Optimal dosing of cyclosporine and tacrolimus to improve medication adherence and to reduce drug costs after heart transplantation

Markus J. Barten1, Xiuang Hua1, Alexander Bernhardt1, Meike Rybczynski2, Hermann Reichenspurner1.

1Cardiovascular Surgery, University Heart and Vascular Center Hamburg, Hamburg, Germany; 2Cardiology, University Heart and Vascular Center Hamburg, Hamburg, Germany

Introduction: The number of daily tablets is shown to be crucial for medical adherence of patients after heart transplantation (HTx) to improve long-term outcome. In this study we identified two methods to reduce the daily count of tablets: substitution of innovator-Tacrolimus (TAC) with generic-TAC, which offer various dosages, and simplification and systematic adjustment of Cyclosporine A (CsA) intake. 

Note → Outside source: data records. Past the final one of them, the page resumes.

definition smooth2 :: "(real \<times> real \<Rightarrow> complex) \<Rightarrow> bool" where
  "smooth2 f \<longleftrightarrow> (\<forall>ds. continuous_on UNIV (pd ds f) \<and>
     (\<forall>x t. (\<lambda>y. pd ds f (y, t)) differentiable (at x) \<and>
            (\<lambda>s. pd ds f (x, s)) differentiable (at t)))"

type_synonym cmat = "complex^2^2"

definition mat2 :: "complex \<Rightarrow> complex \<Rightarrow> complex \<Rightarrow> complex \<Rightarrow> cmat" where
  "mat2 a b c d = (\<chi> i j. if i = 1 then (if j = 1 then a else b) else (if j = 1 then c else d))"

definition msc :: "complex \<Rightarrow> cmat \<Rightarrow> cmat" where
  "msc c A = (\<chi> i j. c * A $ i $ j)"

definition sigma3 :: cmat where
  "sigma3 = mat2 1 0 0 (-1)"

definition Qm :: "complex \<Rightarrow> cmat" where
  "Qm w = mat2 0 (\<i> * w) (\<i> * cnj w) 0"

definition Ulax :: "cmat \<Rightarrow> complex \<Rightarrow> cmat" where
  "Ulax Q lam = msc (-2 * \<i> * lam^2) sigma3 + msc (2 * lam) Q"

definition Vlax :: "cmat \<Rightarrow> cmat \<Rightarrow> complex \<Rightarrow> cmat" where
  "Vlax Q Qx lam = (mat (4 * lam^2) + msc 2 (Q ** Q)) ** Ulax Q lam
                   + msc (2 * \<i> * lam) (sigma3 ** Qx)"

definition Lmat :: "(real \<Rightarrow> real \<Rightarrow> complex) \<Rightarrow> real \<Rightarrow> real \<Rightarrow> real \<Rightarrow> real \<Rightarrow> complex \<Rightarrow> cmat" where
  "Lmat u s1 a4 x t lam =
     msc (- \<i> / 8) (Vlax (Qm (u x t)) (Qm (vector_derivative (\<lambda>y. u y t) (at x))) lam)
     + msc (\<i> * of_real s1 / 4) (Ulax (Qm (u x t)) lam)
     + msc (of_real a4) sigma3"

definition dnls :: "(real \<Rightarrow> real \<Rightarrow> complex) \<Rightarrow> bool" where
  "dnls u \<longleftrightarrow> (\<forall>x t.
     \<i> * vector_derivative (\<lambda>s. u x s) (at t)
     + vector_derivative (\<lambda>y. vector_derivative (\<lambda>z. u z t) (at y)) (at x)
     + 2 * \<i> * vector_derivative (\<lambda>y. of_real ((cmod (u y t))^2) * u y t) (at x) = 0)"

definition Rpoly :: "real \<Rightarrow> real \<Rightarrow> real \<Rightarrow> real \<Rightarrow> real \<Rightarrow> real" where
  "Rpoly s1 s2 s3 a4 nu =
     nu^4 + 4* s1* nu^3 + (6* s1^2 - 8* s2 + 48* a4)* nu^2
     + (4* s1^3 - 16* s1* s2 + 64* s3 + 32* s1* a4)* nu + (4 * s2 + 8 * a4 - s1^2)^2"

end

theory Submission
  imports Defs
begin

text \<open>
  The Lax equation L_x = [U, L] makes det L constant in x: for 2x2 matrices the derivative of
  the determinant is bilinear in L and L', and it vanishes when L' is a commutator with L; the
  same holds in t. Expanding det L in lam, the coefficients s2 and s3 are explicit in
  nu = |u|^2, Im (cnj u * u_x) and |u_x|^2 (and s4 = a4^2), so the identity
  nu_x^2 = 4 nu |u_x|^2 - 4 Im (cnj u * u_x)^2 turns into nu_x^2 = - R(nu). Finally the (1,1)
  entry of L_t = [V, L] at lam = 1 reads nu_t = 2 s1 nu_x, so nu is constant along the lines
  x + 2 s1 t = const.
\<close>

lemma mat2_nth [simp]:
  "mat2 a b c d $ 1 $ 1 = a" "mat2 a b c d $ 1 $ 2 = b"
  "mat2 a b c d $ 2 $ 1 = c" "mat2 a b c d $ 2 $ 2 = d"
  by (simp_all add: mat2_def)

lemma msc_nth [simp]: "msc c A $ i $ j = c * A $ i $ j"
  by (simp add: msc_def)

lemma cmat_mult_nth: "((A::cmat) ** B) $ i $ j = A$i$1 * B$1$j + A$i$2 * B$2$j"
  by (simp add: matrix_matrix_mult_def sum_2)

lemma cmat_eq_iff:
  "(A::cmat) = B \<longleftrightarrow> A$1$1 = B$1$1 \<and> A$1$2 = B$1$2 \<and> A$2$1 = B$2$1 \<and> A$2$2 = B$2$2"
  by (auto simp: vec_eq_iff forall_2)

lemma bounded_linear_msc: "bounded_linear (\<lambda>c. msc c A)"
proof -
  have "linear (\<lambda>c. msc c A)"
    by (rule linearI) (simp_all add: cmat_eq_iff ring_distribs mult_scaleR_left)
  then show ?thesis
    by (simp add: linear_conv_bounded_linear)
qed

lemma bounded_linear_cmat_nth: "bounded_linear (\<lambda>A::cmat. A $ i $ j)"
  by (rule bounded_linear_compose[of "\<lambda>v::complex^2. v $ j" "\<lambda>A::cmat. A $ i"])
     (rule bounded_linear_vec_nth)+

lemma has_vector_derivative_mat2:
  assumes "(a has_vector_derivative a') F" "(b has_vector_derivative b') F"
    "(c has_vector_derivative c') F" "(d has_vector_derivative d') F"
  shows "((\<lambda>r. mat2 (a r) (b r) (c r) (d r)) has_vector_derivative mat2 a' b' c' d') F"
proof -
  have split: "mat2 p q r s = msc p (mat2 1 0 0 0) + msc q (mat2 0 1 0 0)
      + msc r (mat2 0 0 1 0) + msc s (mat2 0 0 0 1)" for p q r s
    by (simp add: cmat_eq_iff)
  show ?thesis
    unfolding split[of "a _"] split[of a']
    by (intro has_vector_derivative_add bounded_linear.has_vector_derivative[OF bounded_linear_msc] assms)
qed

lemma has_vector_derivative_det_commutator:
  fixes L :: "real \<Rightarrow> cmat"
  assumes L': "(L has_vector_derivative U ** L r - L r ** U) (at r)"
  shows "((\<lambda>r. det (L r)) has_vector_derivative 0) (at r)"
proof -
  define D where "D = U ** L r - L r ** U"
  have entries: "((\<lambda>r. L r $ i $ j) has_vector_derivative D $ i $ j) (at r)" for i j
    using bounded_linear.has_vector_derivative[OF bounded_linear_cmat_nth L'] by (simp add: D_def)
  have "((\<lambda>r. det (L r)) has_vector_derivative
      D$1$1 * L r$2$2 + L r$1$1 * D$2$2 - D$1$2 * L r$2$1 - L r$1$2 * D$2$1) (at r)"
    unfolding det_2
    by (rule has_vector_derivative_eq_rhs, (rule derivative_intros entries)+) (simp add: algebra_simps)
  moreover have "D$1$1 * L r$2$2 + L r$1$1 * D$2$2 - D$1$2 * L r$2$1 - L r$1$2 * D$2$1 = 0"
    by (simp add: D_def cmat_mult_nth algebra_simps)
  ultimately show ?thesis
    by simp
qed

lemma has_real_derivative_cmod_power2:
  assumes "(g has_vector_derivative g') (at r)"
  shows "((\<lambda>r. (cmod (g r))^2) has_real_derivative 2 * Re (cnj (g r) * g')) (at r)"
proof -
  have "((\<lambda>r. g r * cnj (g r)) has_vector_derivative g r * cnj g' + g' * cnj (g r)) (at r)"
    by (intro has_vector_derivative_mult has_vector_derivative_cnj assms)
  then have "((\<lambda>r. Re (g r * cnj (g r))) has_vector_derivative Re (g r * cnj g' + g' * cnj (g r))) (at r)"
    by (rule bounded_linear.has_vector_derivative[OF bounded_linear_Re])
  then show ?thesis
    by (simp add: complex_mult_cnj cmod_power2 has_real_derivative_iff_has_vector_derivative
        algebra_simps)
qed

lemma transport_along_characteristics:
  fixes N Nx Nt :: "real \<Rightarrow> real \<Rightarrow> real" and c :: real
  assumes Nx: "\<And>x t. ((\<lambda>y. N y t) has_real_derivative Nx x t) (at x)"
    and Nt: "\<And>x t. ((\<lambda>s. N x s) has_real_derivative Nt x t) (at t)"
    and Nt_cont: "continuous_on UNIV (\<lambda>p. Nt (fst p) (snd p))"
    and transport: "\<And>x t. Nt x t = c * Nx x t"
  shows "N x t = N (x + c * t) 0"
proof -
  have N': "((\<lambda>(x, t). N x t) has_derivative (\<lambda>(hx, ht). Nx x t * hx + Nt x t * ht)) (at (x, t))"
    for x t
  proof -
    have "isCont (\<lambda>p. blinfun_mult_right (Nt (fst p) (snd p))) (x, t)"
      using Nt_cont by (intro bounded_linear.continuous[OF bounded_linear_blinfun_mult_right])
        (simp add: continuous_on_eq_continuous_at)
    then have "((\<lambda>(x, t). N x t) has_derivative
        (\<lambda>(hx, ht). Nx x t * hx + blinfun_mult_right (Nt x t) ht)) (at (x, t) within UNIV \<times> UNIV)"
      using Nx Nt by (intro has_derivative_partialsI) (auto simp: has_field_derivative_def split_def)
    then show ?thesis
      by simp
  qed
  define \<xi> where "\<xi> = x + c * t"
  define \<phi> where "\<phi> = (\<lambda>s. N (\<xi> - c * s) s)"
  have "(\<phi> has_derivative (\<lambda>h. 0)) (at s within UNIV)" for s
  proof -
    have "((\<lambda>s. (\<xi> - c * s, s)) has_derivative (\<lambda>h. (- (c * h), h))) (at s)"
      by (auto intro!: derivative_eq_intros)
    from has_derivative_compose[OF this N']
    show ?thesis
      by (simp add: \<phi>_def transport algebra_simps)
  qed
  then obtain k where "\<phi> s = k" for s
    using has_derivative_zero_constant[OF convex_UNIV] by blast
  then have "\<phi> t = \<phi> 0"
    by simp
  then show ?thesis
    by (simp add: \<phi>_def \<xi>_def)
qed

Methods: A retrospective study of the immunosuppressive therapy was conducted on 63 patients who received a HTx in our center from 2009 to 2014. The daily dosage was recorded and the daily tablet amount was counted. In a theoretic model, innovator-TAC was replaced by generic drug, which is available with five different dosages, with the same daily TAC-dosage. For ideal CsA-dosing, we established 3 models, namely model A, with systematic and targeted adjustment of partial CsA-dosages but keeping the same cumulative daily dose, and model B and C, with lowest daily pill count by allowing the change of cumulative daily dose within 5% and 10%, respectively. Then we compared the daily tablet amount and costs over the study period. 

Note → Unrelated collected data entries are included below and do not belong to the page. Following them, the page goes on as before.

(* Fix $s>2$ and $\mu^*>0$. Then for every $\mu_1>\mu^*$ there exists $\epsilon>0$ such that, for all $\mu\in[\mu^*,\mu_1]$, $d\theta(f_{s,\mu})\ge\epsilon$ on $K_\mu\setminus\Delta$.
   Context: $f_{s,\mu}$ is the repressilator vector field $\dot x=\frac{\mu}{1+y^s}-x$, $\dot y=\frac{\mu}{1+z^s}-y$, $\dot z=\frac{\mu}{1+x^s}-z$ on $\mathbb{R}^3_+$. For $\mu>0$, $K_\mu:=\{(x,y,z)\colon\frac{\mu}{2+\mu^s}\le x,y,z\le\mu\}$. $\Delta:=\mathrm{span}\{(1,1,1)\}$; $\|\mathbf{x}_\perp\|^2=\tfrac23(x^2+y^2+z^2-xy-yz-zx)$; $d\theta:=\frac{1}{\sqrt3}\frac{(z-y)dx+(x-z)dy+(y-x)dz}{\|\mathbf{x}_\perp\|^2}$ on $\mathbb{R}^3\setminus\Delta$. *)

theory Defs
  imports "HOL-Analysis.Analysis"
begin

text \<open>Points of R^3 are represented as triples (x, y, z). The Hill exponent s is real,
so y^s is written with powr (all points considered have positive coordinates).\<close>

definition repressilator :: "real \<Rightarrow> real \<Rightarrow> real \<times> real \<times> real \<Rightarrow> real \<times> real \<times> real" where
  "repressilator s \<mu> p = (case p of (x, y, z) \<Rightarrow>
     (\<mu> / (1 + y powr s) - x, \<mu> / (1 + z powr s) - y, \<mu> / (1 + x powr s) - z))"

definition K :: "real \<Rightarrow> real \<Rightarrow> (real \<times> real \<times> real) set" where
  "K s \<mu> = {(x, y, z). \<mu> / (2 + \<mu> powr s) \<le> x \<and> x \<le> \<mu> \<and>
                        \<mu> / (2 + \<mu> powr s) \<le> y \<and> y \<le> \<mu> \<and>
                        \<mu> / (2 + \<mu> powr s) \<le> z \<and> z \<le> \<mu>}"

definition diag :: "(real \<times> real \<times> real) set" where
  "diag = {(t, t, t) | t. True}"

definition perp_norm_sq :: "real \<times> real \<times> real \<Rightarrow> real" where
  "perp_norm_sq p = (case p of (x, y, z) \<Rightarrow>
     (2/3) * (x^2 + y^2 + z^2 - x*y - y*z - z*x))"

definition dtheta :: "real \<times> real \<times> real \<Rightarrow> real \<times> real \<times> real \<Rightarrow> real" where
  "dtheta p v = (case p of (x, y, z) \<Rightarrow> case v of (a, b, c) \<Rightarrow>
     (1 / sqrt 3) * ((z - y) * a + (x - z) * b + (y - x) * c) / perp_norm_sq p)"

end

theory Submission
  imports Defs
begin

text \<open>Write the field as \<open>(g y - x, g z - y, g x - z)\<close> with the Hill function
  \<open>g t = \<mu> / (1 + t\<^sup>s)\<close>. The numerator of \<open>d\<theta>\<close> equals
  \<open>(z - y) h y + (x - z) h z + (y - x) h x + (3/2) m \<parallel>x\<^sub>\<perp>\<parallel>\<^sup>2\<close> for \<open>h t = g t + m t\<close>,
  and the cyclic sum is nonnegative whenever \<open>h\<close> is nonincreasing. On the compact box
  \<open>[\<mu>\<^sup>* / (2 + \<mu>\<^sub>1\<^sup>s), \<mu>\<^sub>1]\<close>, which contains every \<open>K\<^sub>\<mu>\<close> with \<open>\<mu> \<in> [\<mu>\<^sup>*, \<mu>\<^sub>1]\<close>, the slope
  \<open>|g'|\<close> is bounded below uniformly in \<open>\<mu>\<close>, so a fixed \<open>m > 0\<close> keeps \<open>h\<close> nonincreasing,
  giving \<open>d\<theta>(f) \<ge> (\<surd>3/2) m\<close>.\<close>

lemma cyclic_sum_antimono_nonneg:
  fixes h :: "real \<Rightarrow> real"
  assumes antimono: "\<And>u v. u \<in> S \<Longrightarrow> v \<in> S \<Longrightarrow> u \<le> v \<Longrightarrow> h v \<le> h u"
    and S: "x \<in> S" "y \<in> S" "z \<in> S"
  shows "0 \<le> (z - y) * h y + (x - z) * h z + (y - x) * h x"
proof -
  let ?E = "(z - y) * h y + (x - z) * h z + (y - x) * h x"
  have r1: "?E = (z - y) * (h y - h z) + (y - x) * (h x - h z)"
    and r2: "?E = (x - z) * (h z - h x) + (z - y) * (h y - h x)"
    and r3: "?E = (y - x) * (h x - h y) + (x - z) * (h z - h y)"
    by (simp_all add: algebra_simps)
  have h: "h v \<le> h u" if "u \<in> {x, y, z}" "v \<in> {x, y, z}" "u \<le> v" for u v
    using antimono S that by auto
  consider "x \<le> y" "y \<le> z" | "y \<le> x" "z \<le> y" | "z \<le> x" "x \<le> y"
    | "x \<le> z" "y \<le> x" | "y \<le> z" "z \<le> x" | "z \<le> y" "x \<le> z"
    by linarith
  then show ?thesis
  proof cases
    case 1
    with h[of y z] h[of x z] show ?thesis
      unfolding r1 by (intro add_nonneg_nonneg mult_nonneg_nonneg) auto
  next
    case 2
    with h[of z y] h[of z x] show ?thesis
      unfolding r1 by (intro add_nonneg_nonneg mult_nonpos_nonpos) auto
  next
    case 3
    with h[of x y] h[of z y] show ?thesis
      unfolding r3 by (intro add_nonneg_nonneg mult_nonneg_nonneg) auto
  next
    case 4
    with h[of x z] h[of y x] show ?thesis
      unfolding r2 by (intro add_nonneg_nonneg mult_nonpos_nonpos mult_nonneg_nonneg) auto
  next
    case 5
    with h[of z x] h[of y x] show ?thesis
      unfolding r2 by (intro add_nonneg_nonneg mult_nonneg_nonneg) auto
  next
    case 6
    with h[of z y] h[of x z] show ?thesis
      unfolding r1 by (intro add_nonneg_nonneg mult_nonpos_nonpos mult_nonneg_nonneg) auto
  qed
qed

lemma perp_norm_sq_pos:
  assumes "p \<notin> diag"
  shows "perp_norm_sq p > 0"
proof -
  obtain x y z where p: "p = (x, y, z)" by (cases p) auto
  have "\<not> (x = y \<and> y = z)" using assms unfolding p diag_def by auto
  then have "0 < (x - y)^2 + (y - z)^2" by (auto simp: add_pos_nonneg add_nonneg_pos)
  then have "0 < (x - y)^2 + (y - z)^2 + (z - x)^2" by (simp add: add_pos_nonneg)
  moreover have "perp_norm_sq p = ((x - y)^2 + (y - z)^2 + (z - x)^2) / 3"
    unfolding p perp_norm_sq_def by (simp add: power2_eq_square field_simps)
  ultimately show ?thesis by simp
qed

lemma dtheta_cyclic_field_ge:
  fixes g :: "real \<Rightarrow> real"
  assumes antimono: "\<And>u v. u \<in> S \<Longrightarrow> v \<in> S \<Longrightarrow> u \<le> v \<Longrightarrow> g v + m * v \<le> g u + m * u"
    and S: "x \<in> S" "y \<in> S" "z \<in> S"
    and off_diag: "(x, y, z) \<notin> diag"
  shows "sqrt 3 / 2 * m \<le> dtheta (x, y, z) (g y - x, g z - y, g x - z)"
proof -
  define h where "h t = g t + m * t" for t
  define N where "N = perp_norm_sq (x, y, z)"
  define A where "A = (z - y) * h y + (x - z) * h z + (y - x) * h x"
  have N_pos: "N > 0" unfolding N_def using perp_norm_sq_pos[OF off_diag] .
  have A_nonneg: "0 \<le> A"
    unfolding A_def by (rule cyclic_sum_antimono_nonneg[of S]) (use antimono S in \<open>auto simp: h_def\<close>)
  have numerator: "(z - y) * (g y - x) + (x - z) * (g z - y) + (y - x) * (g x - z) = A + 3 / 2 * m * N"
    unfolding A_def h_def N_def perp_norm_sq_def by (simp add: field_simps power2_eq_square)
  have "dtheta (x, y, z) (g y - x, g z - y, g x - z) = (A + 3 / 2 * m * N) / N / sqrt 3"
    unfolding dtheta_def N_def[symmetric] using numerator by (simp add: mult.commute)
  also have "\<dots> = (A / N + 3 / 2 * m) / sqrt 3"
    using N_pos by (simp add: add_divide_distrib)
  finally have "dtheta (x, y, z) (g y - x, g z - y, g x - z) = (A / N + 3 / 2 * m) / sqrt 3" .
  moreover have "(3 / 2 * m) / sqrt 3 \<le> (A / N + 3 / 2 * m) / sqrt 3"
    using A_nonneg N_pos by (intro divide_right_mono) auto
  moreover have "sqrt 3 / 2 * m = (3 / 2 * m) / sqrt 3"
    by (simp add: field_simps real_sqrt_mult[symmetric])
  ultimately show ?thesis by simp
qed

text \<open>\<open>s \<ge> 1\<close> makes \<open>t\<^sup>s\<^sup>-\<^sup>1\<close> increasing, so \<open>m\<close> bounds the slope
  \<open>\<mu> s t\<^sup>s\<^sup>-\<^sup>1 / (1 + t\<^sup>s)\<^sup>2\<close> of the Hill term from below on all of \<open>[a, b]\<close>.\<close>

lemma hill_plus_linear_antimono:
  fixes a b s \<mu>0 \<mu> :: real
  assumes "a > 0" "s \<ge> 1" "\<mu> \<ge> \<mu>0" "\<mu>0 > 0"
    and uv: "u \<in> {a..b}" "v \<in> {a..b}" "u \<le> v"
  defines "m \<equiv> \<mu>0 * s * a powr (s - 1) / (1 + b powr s)^2"
  shows "\<mu> / (1 + v powr s) + m * v \<le> \<mu> / (1 + u powr s) + m * u"
proof (rule DERIV_nonpos_imp_nonincreasing[OF uv(3)])
  fix t assume "u \<le> t" "t \<le> v"
  then have t: "a \<le> t" "t \<le> b" using uv by auto
  then have t_pos: "t > 0" using assms by simp
  have denom_pos: "1 + t powr s > 0" by (simp add: add_pos_nonneg)
  define D where "D = \<mu> * (s * t powr (s - 1)) / (1 + t powr s)^2"
  have deriv: "((\<lambda>t. \<mu> / (1 + t powr s) + m * t) has_real_derivative (m - D)) (at t)"
    unfolding D_def using t_pos denom_pos
    by (auto intro!: derivative_eq_intros simp: power2_eq_square field_simps)
  have "\<mu>0 * s * a powr (s - 1) \<le> \<mu> * (s * t powr (s - 1))"
    using assms t by (auto intro!: mult_mono powr_mono2)
  moreover have "(1 + t powr s)^2 \<le> (1 + b powr s)^2"
    using t t_pos assms by (intro power_mono) (auto intro: powr_mono2)
  ultimately have "m \<le> D"
    unfolding m_def D_def using assms t_pos denom_pos by (intro frac_le) auto
  with deriv show "\<exists>y. ((\<lambda>t. \<mu> / (1 + t powr s) + m * t) has_real_derivative y) (at t) \<and> y \<le> 0"
    by (intro exI[of _ "m - D"]) auto
qed

lemma K_subset_box:
  assumes "0 \<le> s" "0 < \<mu>star" "\<mu>star \<le> \<mu>" "\<mu> \<le> \<mu>1"
  shows "K s \<mu> \<subseteq> {\<mu>star / (2 + \<mu>1 powr s)..\<mu>1} \<times> {\<mu>star / (2 + \<mu>1 powr s)..\<mu>1} \<times> {\<mu>star / (2 + \<mu>1 powr s)..\<mu>1}"
proof -
  have "\<mu> powr s \<le> \<mu>1 powr s" using assms by (intro powr_mono2) auto
  then have "\<mu>star / (2 + \<mu>1 powr s) \<le> \<mu> / (2 + \<mu> powr s)"
    using assms by (intro frac_le) (auto simp: add_pos_nonneg)
  then show ?thesis using assms unfolding K_def by auto
qed

theorem proposition4:
  fixes s \<mu>star \<mu>1 :: real
  assumes "s > 2" and "\<mu>star > 0" and "\<mu>1 > \<mu>star"
  shows "\<exists>\<epsilon>>0. \<forall>\<mu>\<in>{\<mu>star..\<mu>1}. \<forall>p \<in> K s \<mu> - diag.
           dtheta p (repressilator s \<mu> p) \<ge> \<epsilon>"
proof -
  define a where "a = \<mu>star / (2 + \<mu>1 powr s)"
  define m where "m = \<mu>star * s * a powr (s - 1) / (1 + \<mu>1 powr s)^2"
  have a_pos: "a > 0" using assms unfolding a_def by (simp add: add_pos_nonneg)
  have "1 + \<mu>1 powr s > 0" by (simp add: add_pos_nonneg)
  then have m_pos: "m > 0"
    using assms a_pos unfolding m_def by (intro divide_pos_pos mult_pos_pos) auto
  have "sqrt 3 / 2 * m \<le> dtheta p (repressilator s \<mu> p)"
    if \<mu>: "\<mu> \<in> {\<mu>star..\<mu>1}" and p: "p \<in> K s \<mu> - diag" for \<mu> p
  proof -
    obtain x y z where p_eq: "p = (x, y, z)" by (cases p) auto
    have "x \<in> {a..\<mu>1}" "y \<in> {a..\<mu>1}" "z \<in> {a..\<mu>1}"
      using K_subset_box[of s \<mu>star \<mu> \<mu>1] p \<mu> assms unfolding p_eq a_def by auto
    moreover have "\<mu> / (1 + v powr s) + m * v \<le> \<mu> / (1 + u powr s) + m * u"
      if "u \<in> {a..\<mu>1}" "v \<in> {a..\<mu>1}" "u \<le> v" for u v
      using that \<mu> assms a_pos unfolding m_def by (intro hill_plus_linear_antimono) auto
    ultimately have "sqrt 3 / 2 * m \<le> dtheta (x, y, z)
        ((\<lambda>t. \<mu> / (1 + t powr s)) y - x, (\<lambda>t. \<mu> / (1 + t powr s)) z - y,
         (\<lambda>t. \<mu> / (1 + t powr s)) x - z)"
      using p unfolding p_eq by (intro dtheta_cyclic_field_ge[where S = "{a..\<mu>1}"]) auto
    then show ?thesis unfolding p_eq repressilator_def by simp
  qed
  moreover have "sqrt 3 / 2 * m > 0" using m_pos by simp
  ultimately show ?thesis by blast
qed

end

Results: Our patient population was comparable to current international and national databases. The average innovator-TAC dosage was 4.8±3.3mg/d, and the daily innovator-TAC pill count was 4.1±1.7. The replacement of innovator-TAC by generic-TACcould lead to a 20.8% volume reduction of TAC tablets. The number of TAC tablets could be significantly decreased to an average of 3.3±1.1mg/day. Furthermore, an annually cost reduction of 19.2% (528 193.01€) could be achieved. The average CsA dosage was 148.9±42.6mg/day; the daily pill count was 4.3±1.1. Using model A, a 24.4% reduction of daily tablets intake could be achieved. Allowing an average change of the cumulative daily dose of 1.3±1.1% (model B) or 1.4±1.2% (model C) could result in a 34.3% and 39.2% reduction of daily tablet-count of CsA, respectively.

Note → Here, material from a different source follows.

(* Let $t_1,\dots,t_N\in\mathbb{C}$ be pairwise distinct, $B_1,\dots,B_N$ constant complex $M\times M$ matrices, $y$ a $\mathbb{C}^M$-valued solution of $D_xy=\sum_{i=1}^N\frac{B_i}{x-t_i}y$, and $Y_0={}^{\mathrm T}\!\left[\frac{y}{x-t_1},\dots,\frac{y}{x-t_N}\right]$. Let $\lambda\in\mathbb{C}$ and let $C$ be a path such that the Jackson integrals involved converge and $$\left[\frac{1-q^{-\lambda}t/x}{1-t/x}\,(tI-S)\,Y_0(t)\,\frac{(q^{1-\lambda}t/x)_\infty}{(qt/x)_\infty}\right]_{t\in\partial C}=0 .$$ Then $Y=E_{\lambda;C}[Y_0](x)$ (applied componentwise) satisfies $$(xI-S)D_xY=\big(q^\lambda B+[\lambda]I\big)Y,$$ and consequently $D_xY=\sum_{i=1}^N\frac{G_i}{x-t_i}Y$, where $G_i$ is the $MN\times MN$ matrix whose $i$-th block row is $[q^\lambda B_1,\dots,q^\lambda B_{i-1},\,q^\lambda B_i+[\lambda]I_M,\,q^\lambda B_{i+1},\dots,q^\lambda B_N]$ and whose other block rows are zero.
   Context: Fix $q\in\mathbb{C}$ with $0<|q|<1$. $T_xf(x)=f(qx)$, $D_xf(x)=\frac{f(x)-f(qx)}{(1-q)x}$, $(a)_\infty=\prod_{k\ge0}(1-aq^k)$, $[\lambda]=\frac{1-q^\lambda}{1-q}$; $x^\lambda$ is a fixed branch with $T_xx^\lambda=q^\lambda x^\lambda$. $S=\mathrm{diag}(t_1I_M,\dots,t_NI_M)$; $B$ is the $MN\times MN$ block matrix all of whose block rows equal $[B_1\ \cdots\ B_N]$. Jackson integrals: $\int_0^\tau f\,d_qt=(1-q)\sum_{n\ge0}f(\tau q^n)\tau q^n$, $\int_0^{\tau\infty}f\,d_qt=(1-q)\sum_{n\in\mathbb{Z}}f(\tau q^n)\tau q^n$, $\int_{[\tau_1,\tau_2]}=\int_{[0,\tau_2]}-\int_{[0,\tau_1]}$ for $\tau_i\in\mathbb{C}\cup\mathbb{C}\infty$; a path $C$ is a formal linear combination of such intervals, integrals extended linearly. $[F(t)]_{t\in\partial[\tau_1,\tau_2]}=F(\tau_2)-F(\tau_1)$, extended linearly to paths, with $F(\tau\infty)=\lim_{n\to-\infty}F(\tau q^n)$ and $F(0)=\lim_{n\to\infty}F(\tau q^n)$. $E_{\lambda;C}[f](x)=x^\lambda\int_Cf(t)\frac{(q^{1-\lambda}t/x)_\infty}{(qt/x)_\infty}d_qt$. *)

theory Defs
  imports "HOL-Analysis.Infinite_Products" "Jordan_Normal_Form.Matrix"
begin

Conclusion: In this study we were able to show that the replacement of innovator-TAC by generic-TAC with multiple available dosages, and the simplification and systematic adjustment of CsA dosing could significantly reduce the daily tablet count, and even the total amount of cost. The reduction of the daily tablets could, therefore, increase medication adherence and help to improve outcome after HTx.